The New Face of Police Governance in Australia

By Dupont, Benoit | Journal of Australian Studies, June 2003 | Go to article overview

The New Face of Police Governance in Australia


Dupont, Benoit, Journal of Australian Studies


Over the past twenty years, Australian police services have been exposed to the scrutiny of royal commissions, which have uncovered a disturbing pattern of corruption and inefficiency. The media have also introduced the public to the most unpalatable aspects of police culture. At the same time, many liberal societies have experienced a political and social paradigm shift: the welfare state has become discredited as the preferred form of government and has been replaced by a more streamlined model, which has in turn fostered a new form of governance. The polymorphous concept of governance encompasses various meanings, which are all concerned with the capacity of the state to govern society. The effectiveness and efficiency of traditional forms of governance relying on hierarchical public structures have been questioned, and alternatives relying on market forces, policy networks and local communities are being advocated. (1) In terms of process, this new governance is characterised by the adoption of managerialist reforms, which are characterised by a belief in the superiority of the market over the state, the introduction of competition between government departments and agencies, a simultaneous process of centralisation and decentralisation, and the fragmentation of public services providers. (2)

Because of public preoccupations with such issues as corruption and a tainted organisational culture, the implications of managerial reforms for police functions and the governance of law enforcement have largely been neglected. I will argue that, far from being trivial, these changes have far-reaching repercussions. They redefine how Australian communities are being policed, discarding the legal obligation to enforce the law and maintain the peace for the public good, and replacing it with a more pragmatic approach, which consists of managing the risks posed by the 'dangerous classes'. This trend is reinforced by the politics of law and order that are being played in Australia by all parties during election campaigns. Before we can see how the new discourse of police managerialism has lead to substantial reforms in the fields of budget allocation, performance evaluation and contractualisation, it is essential to contextualise these changes at the international and national levels, and to highlight their political and social significance.

International and national public sector reforms

The reform of Australian police services since the early 1980s is part of a broader phenomenon that has engulfed the majority of public services in the western world. The dominance of the neo-liberal ideology triggered a movement of public sector reform focused on cost-cutting and downsizing. The underlying postulate was that centralised administrative interventions in the social and economic domains were inefficient and needed to be curtailed. In Australia, Canada, New Zealand, the United States and Great Britain, the notion of public administration was replaced by the concept of public management, and private sector recipes were deemed to be the solution to this crisis of confidence. This transformation in the perceived role of the state resulted from the convergence of economic, political and ideological factors.

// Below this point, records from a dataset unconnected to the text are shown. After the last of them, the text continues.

(* For any $P,Q\in\mathcal{PP}(n)$, $P\leq Q$ if and only if $\iota(Q)\leq\iota(P)$.
   Context: A plane poset is a finite set with two partial orders $\leq_h,\leq_r$ such that two distinct elements are $\leq_h$-comparable iff they are not $\leq_r$-comparable; $\mathcal{PP}(n)$ is the set of isomorphism classes of plane posets with $n$ elements. On a plane poset, $x\leq y$ iff ($x\leq_h y$ or $x\leq_r y$) is a total order (known fact). For $P,Q\in\mathcal{PP}(n)$, $\theta_{P,Q}$ is the increasing bijection $P\to Q$, and $P\leq Q$ means: for all $x,y\in P$, $\theta_{P,Q}(x)\leq_h\theta_{P,Q}(y)$ in $Q$ implies $x\leq_h y$ in $P$. For a plane poset $P=(P,\leq_h,\leq_r)$, $\iota(P)=(P,\leq_r,\leq_h)$ (the two orders exchanged); it is again a plane poset and $\iota$ is an involution. *)

theory Defs
  imports Main "HOL-Library.FuncSet"
begin

text \<open>A plane poset is represented concretely as a triple (carrier, heap order, right order);
  orders are relations given as sets of pairs.  Isomorphism classes are handled by working
  with arbitrary representatives (all notions below are invariant under isomorphism).\<close>

type_synonym 'a pposet = "'a set \<times> 'a rel \<times> 'a rel"

definition carrier_pp :: "'a pposet \<Rightarrow> 'a set" where "carrier_pp P = fst P"
definition hord :: "'a pposet \<Rightarrow> 'a rel" where "hord P = fst (snd P)"
definition rord :: "'a pposet \<Rightarrow> 'a rel" where "rord P = snd (snd P)"

definition plane_poset :: "'a pposet \<Rightarrow> bool" where
  "plane_poset P \<longleftrightarrow> finite (carrier_pp P)
     \<and> partial_order_on (carrier_pp P) (hord P)
     \<and> partial_order_on (carrier_pp P) (rord P)
     \<and> (\<forall>x\<in>carrier_pp P. \<forall>y\<in>carrier_pp P. x \<noteq> y \<longrightarrow>
          (((x, y) \<in> hord P \<or> (y, x) \<in> hord P) \<longleftrightarrow> \<not> ((x, y) \<in> rord P \<or> (y, x) \<in> rord P)))"

definition tord :: "'a pposet \<Rightarrow> 'a rel" where "tord P = hord P \<union> rord P"

definition iota :: "'a pposet \<Rightarrow> 'a pposet" where
  "iota P = (carrier_pp P, rord P, hord P)"

definition theta :: "'a pposet \<Rightarrow> 'b pposet \<Rightarrow> ('a \<Rightarrow> 'b)" where
  "theta P Q = (THE f. f \<in> extensional (carrier_pp P)
      \<and> bij_betw f (carrier_pp P) (carrier_pp Q)
      \<and> (\<forall>x\<in>carrier_pp P. \<forall>y\<in>carrier_pp P. (x, y) \<in> tord P \<longrightarrow> (f x, f y) \<in> tord Q))"

definition pp_le :: "'a pposet \<Rightarrow> 'b pposet \<Rightarrow> bool" where
  "pp_le P Q \<longleftrightarrow> (\<forall>x\<in>carrier_pp P. \<forall>y\<in>carrier_pp P.
      (theta P Q x, theta P Q y) \<in> hord Q \<longrightarrow> (x, y) \<in> hord P)"

end

theory Submission
  imports Defs
begin

text \<open>In a plane poset two distinct elements are related by exactly one of the two orders, and
  their union \<open>tord\<close> is a linear order. Hence \<open>theta P Q\<close> is the unique isomorphism of finite
  chains (it matches elements of equal rank), \<open>theta Q P\<close> is its inverse, and \<open>iota\<close> does not
  change the chain. So \<open>iota Q \<le> iota P\<close> says that \<open>theta P Q\<close> preserves the right order; since
  \<open>theta P Q\<close> preserves the chain, which on distinct elements is the disjoint union of the two
  strict orders, this is equivalent to \<open>theta P Q\<close> reflecting the heap order, i.e. to \<open>P \<le> Q\<close>.\<close>

definition order_rank :: "'a rel \<Rightarrow> 'a \<Rightarrow> nat" where
  "order_rank r x = card (underS r x)"

lemma underS_subset_field:
  assumes "linear_order_on A r"
  shows "underS r x \<subseteq> A"
  using assms unfolding linear_order_on_def partial_order_on_def preorder_on_def underS_def
  by blast

lemma order_rank_less:
  assumes lo: "linear_order_on A r" and fin: "finite A"
    and xy: "(x, y) \<in> r" "x \<noteq> y"
  shows "order_rank r x < order_rank r y"
proof -
  have "trans r" "antisym r"
    using lo unfolding linear_order_on_def partial_order_on_def preorder_on_def by auto
  then have "underS r x \<subset> underS r y"
    using xy unfolding underS_def by (auto dest: transD antisymD)
  moreover have "finite (underS r y)"
    using finite_subset[OF underS_subset_field[OF lo] fin] .
  ultimately show ?thesis
    unfolding order_rank_def by (rule psubset_card_mono[rotated])
qed

lemma order_rank_le_iff:
  assumes lo: "linear_order_on A r" and fin: "finite A" and x: "x \<in> A" and y: "y \<in> A"
  shows "(x, y) \<in> r \<longleftrightarrow> order_rank r x \<le> order_rank r y"
proof
  assume "(x, y) \<in> r"
  then show "order_rank r x \<le> order_rank r y"
    using order_rank_less[OF lo fin] by (cases "x = y") (auto intro: less_imp_le)
next
  assume le: "order_rank r x \<le> order_rank r y"
  show "(x, y) \<in> r"
  proof (rule ccontr)
    assume xy: "(x, y) \<notin> r"
    have "refl_on A r" "total_on A r"
      using lo unfolding linear_order_on_def partial_order_on_def preorder_on_def by auto
    with x y xy have "(y, x) \<in> r" "y \<noteq> x"
      unfolding refl_on_def total_on_def by metis+
    with le show False
      using order_rank_less[OF lo fin] by fastforce
  qed
qed

lemma inj_on_order_rank:
  assumes lo: "linear_order_on A r" and fin: "finite A"
  shows "inj_on (order_rank r) A"
proof (rule inj_onI)
  fix x y assume "x \<in> A" "y \<in> A" "order_rank r x = order_rank r y"
  then have "(x, y) \<in> r" "(y, x) \<in> r"
    using order_rank_le_iff[OF lo fin] by auto
  then show "x = y"
    using lo unfolding linear_order_on_def partial_order_on_def by (auto dest: antisymD)
qed

lemma bij_betw_order_rank:
  assumes lo: "linear_order_on A r" and fin: "finite A"
  shows "bij_betw (order_rank r) A {..<card A}"
proof -
  have "order_rank r x < card A" if "x \<in> A" for x
  proof -
    have "underS r x \<subset> A"
      using underS_subset_field[OF lo] that unfolding underS_def by blast
    then show ?thesis
      unfolding order_rank_def using fin by (rule psubset_card_mono[rotated])
  qed
  then have "order_rank r ` A \<subseteq> {..<card A}" by auto
  moreover have "card (order_rank r ` A) = card {..<card A}"
    using card_image[OF inj_on_order_rank[OF lo fin]] by simp
  ultimately have "order_rank r ` A = {..<card A}"
    by (simp add: card_subset_eq)
  then show ?thesis
    using inj_on_order_rank[OF lo fin] unfolding bij_betw_def by blast
qed

definition increasing_bij :: "'a set \<Rightarrow> 'a rel \<Rightarrow> 'b set \<Rightarrow> 'b rel \<Rightarrow> ('a \<Rightarrow> 'b) \<Rightarrow> bool" where
  "increasing_bij A r B s f \<longleftrightarrow> f \<in> extensional A \<and> bij_betw f A B
     \<and> (\<forall>x\<in>A. \<forall>y\<in>A. (x, y) \<in> r \<longrightarrow> (f x, f y) \<in> s)"

lemma increasing_bij_reflects:
  assumes lo_r: "linear_order_on A r" and lo_s: "linear_order_on B s"
    and f: "increasing_bij A r B s f"
    and "x \<in> A" "y \<in> A" "(f x, f y) \<in> s"
  shows "(x, y) \<in> r"
proof (rule ccontr)
  assume "(x, y) \<notin> r"
  moreover have "refl_on A r" "total_on A r"
    using lo_r unfolding linear_order_on_def partial_order_on_def preorder_on_def by auto
  ultimately have "(y, x) \<in> r" "x \<noteq> y"
    using assms(4,5) unfolding refl_on_def total_on_def by metis+
  then have "(f y, f x) \<in> s" "f x \<noteq> f y"
    using f assms(4,5) unfolding increasing_bij_def bij_betw_def inj_on_def by blast+
  with \<open>(f x, f y) \<in> s\<close> lo_s show False
    unfolding linear_order_on_def partial_order_on_def by (auto dest: antisymD)
qed

lemma order_rank_increasing_bij:
  assumes lo_r: "linear_order_on A r" and lo_s: "linear_order_on B s"
    and f: "increasing_bij A r B s f" and x: "x \<in> A"
  shows "order_rank s (f x) = order_rank r x"
proof -
  have bij: "bij_betw f A B"
    using f unfolding increasing_bij_def by blast
  have "f ` underS r x = underS s (f x)"
  proof
    show "f ` underS r x \<subseteq> underS s (f x)"
    proof
      fix z assume "z \<in> f ` underS r x"
      then obtain y where y: "y \<in> underS r x" "z = f y" by blast
      then have "y \<in> A" "(y, x) \<in> r" "y \<noteq> x"
        using underS_subset_field[OF lo_r] unfolding underS_def by auto
      with f x have "(f y, f x) \<in> s" "f y \<noteq> f x"
        unfolding increasing_bij_def bij_betw_def inj_on_def by blast+
      with y show "z \<in> underS s (f x)"
        unfolding underS_def by simp
    qed
    show "underS s (f x) \<subseteq> f ` underS r x"
    proof
      fix z assume z: "z \<in> underS s (f x)"
      then obtain y where y: "y \<in> A" "z = f y"
        using underS_subset_field[OF lo_s] bij unfolding bij_betw_def by blast
      with z have "(y, x) \<in> r" "y \<noteq> x"
        using increasing_bij_reflects[OF lo_r lo_s f y(1) x] unfolding underS_def by auto
      with y show "z \<in> f ` underS r x"
        unfolding underS_def by blast
    qed
  qed
  moreover have "inj_on f (underS r x)"
    using bij underS_subset_field[OF lo_r] unfolding bij_betw_def by (blast intro: inj_on_subset)
  ultimately show ?thesis
    unfolding order_rank_def by (metis card_image)
qed

lemma increasing_bij_unique:
  assumes lo_r: "linear_order_on A r" and lo_s: "linear_order_on B s" and fin: "finite B"
    and f: "increasing_bij A r B s f" and g: "increasing_bij A r B s g"
  shows "f = g"
proof (rule extensionalityI)
  show "f \<in> extensional A" "g \<in> extensional A"
    using f g unfolding increasing_bij_def by auto
  fix x assume x: "x \<in> A"
  have "f x \<in> B" "g x \<in> B"
    using f g x unfolding increasing_bij_def bij_betw_def by auto
  moreover have "order_rank s (f x) = order_rank s (g x)"
    using order_rank_increasing_bij[OF lo_r lo_s f x] order_rank_increasing_bij[OF lo_r lo_s g x]
    by simp
  ultimately show "f x = g x"
    using inj_on_order_rank[OF lo_s fin] by (auto dest: inj_onD)
qed

lemma increasing_bij_exists:
  assumes lo_r: "linear_order_on A r" and lo_s: "linear_order_on B s"
    and fin: "finite A" and finB: "finite B" and card: "card A = card B"
  shows "\<exists>f. increasing_bij A r B s f"
proof -
  let ?h = "the_inv_into B (order_rank s)"
  define f where "f = restrict (\<lambda>x. ?h (order_rank r x)) A"
  have bij_r: "bij_betw (order_rank r) A {..<card A}"
    using bij_betw_order_rank[OF lo_r fin] .
  have bij_s: "bij_betw (order_rank s) B {..<card A}"
    using bij_betw_order_rank[OF lo_s finB] card by simp
  have "bij_betw (?h \<circ> order_rank r) A B"
    using bij_betw_trans[OF bij_r bij_betw_the_inv_into[OF bij_s]] .
  then have bij: "bij_betw f A B"
    unfolding f_def by (rule bij_betw_cong[THEN iffD1, rotated]) simp
  have rank_f: "order_rank s (f x) = order_rank r x" if "x \<in> A" for x
    using that bij_betwE[OF bij_r] f_the_inv_into_f_bij_betw[OF bij_s] unfolding f_def by simp
  have "(f x, f y) \<in> s" if "x \<in> A" "y \<in> A" "(x, y) \<in> r" for x y
    using that bij_betwE[OF bij] rank_f order_rank_le_iff[OF lo_r fin] order_rank_le_iff[OF lo_s finB]
    by simp
  then have "increasing_bij A r B s f"
    using bij unfolding increasing_bij_def f_def by simp
  then show ?thesis by blast
qed

lemma increasing_bij_inverse:
  assumes lo_r: "linear_order_on A r" and lo_s: "linear_order_on B s" and fin: "finite A"
    and f: "increasing_bij A r B s f" and g: "increasing_bij B s A r g" and x: "x \<in> A"
  shows "g (f x) = x"
proof -
  have fx: "f x \<in> B"
    using f x unfolding increasing_bij_def bij_betw_def by blast
  then have "g (f x) \<in> A"
    using g unfolding increasing_bij_def bij_betw_def by blast
  moreover have "order_rank r (g (f x)) = order_rank r x"
    using order_rank_increasing_bij[OF lo_s lo_r g fx] order_rank_increasing_bij[OF lo_r lo_s f x]
    by simp
  ultimately show ?thesis
    using inj_on_order_rank[OF lo_r fin] x by (auto dest: inj_onD)
qed

lemma theta_increasing_bij:
  assumes lo_P: "linear_order_on (carrier_pp P) (tord P)"
    and lo_Q: "linear_order_on (carrier_pp Q) (tord Q)"
    and fin: "finite (carrier_pp P)" "finite (carrier_pp Q)"
    and card: "card (carrier_pp P) = card (carrier_pp Q)"
  shows "increasing_bij (carrier_pp P) (tord P) (carrier_pp Q) (tord Q) (theta P Q)"
proof -
  obtain f where f: "increasing_bij (carrier_pp P) (tord P) (carrier_pp Q) (tord Q) f"
    using increasing_bij_exists[OF lo_P lo_Q fin card] by blast
  have "theta P Q = f"
    unfolding theta_def increasing_bij_def[symmetric]
    using f increasing_bij_unique[OF lo_P lo_Q fin(2) _ f] by (rule the_equality)
  with f show ?thesis by simp
qed

lemma plane_poset_comparable_iff:
  assumes "plane_poset P" "x \<in> carrier_pp P" "y \<in> carrier_pp P" "x \<noteq> y"
  shows "((x, y) \<in> hord P \<or> (y, x) \<in> hord P) \<longleftrightarrow> \<not> ((x, y) \<in> rord P \<or> (y, x) \<in> rord P)"
  using assms unfolding plane_poset_def by blast

lemma plane_poset_partial_orders:
  assumes "plane_poset P"
  shows "partial_order_on (carrier_pp P) (hord P)" "partial_order_on (carrier_pp P) (rord P)"
  using assms unfolding plane_poset_def by auto

lemma iota_simps [simp]:
  "carrier_pp (iota P) = carrier_pp P" "hord (iota P) = rord P" "rord (iota P) = hord P"
  by (simp_all add: iota_def carrier_pp_def hord_def rord_def)

lemma tord_iota [simp]: "tord (iota P) = tord P"
  unfolding tord_def by (simp add: Un_commute)

lemma theta_iota: "theta (iota Q) (iota P) = theta Q P"
  unfolding theta_def by simp

lemma plane_poset_iota: "plane_poset P \<Longrightarrow> plane_poset (iota P)"
  unfolding plane_poset_def by auto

The energy crisis of the 1970s and the incapacity of public administrations to shelter the population from its destructive social consequences clearly showed the limits of the Keynesian welfare state. High inflation and unemployment rates led to the election of conservative politicians such as Ronald Reagan in the USA and Margaret Thatcher in Great Britain; their terms in government are considered the starting points of a wave of market deregulation that accompanied the demise of the welfare state. Think tanks such as the American Enterprise Institute and the Cato Institute in Washington, the Adam Smith Institute in London and the Centre for Independent Studies in Australia were instrumental in expressing this new policy of minimalist interventionism, under the intellectual patronage of political economist Friedrich von Hayek. …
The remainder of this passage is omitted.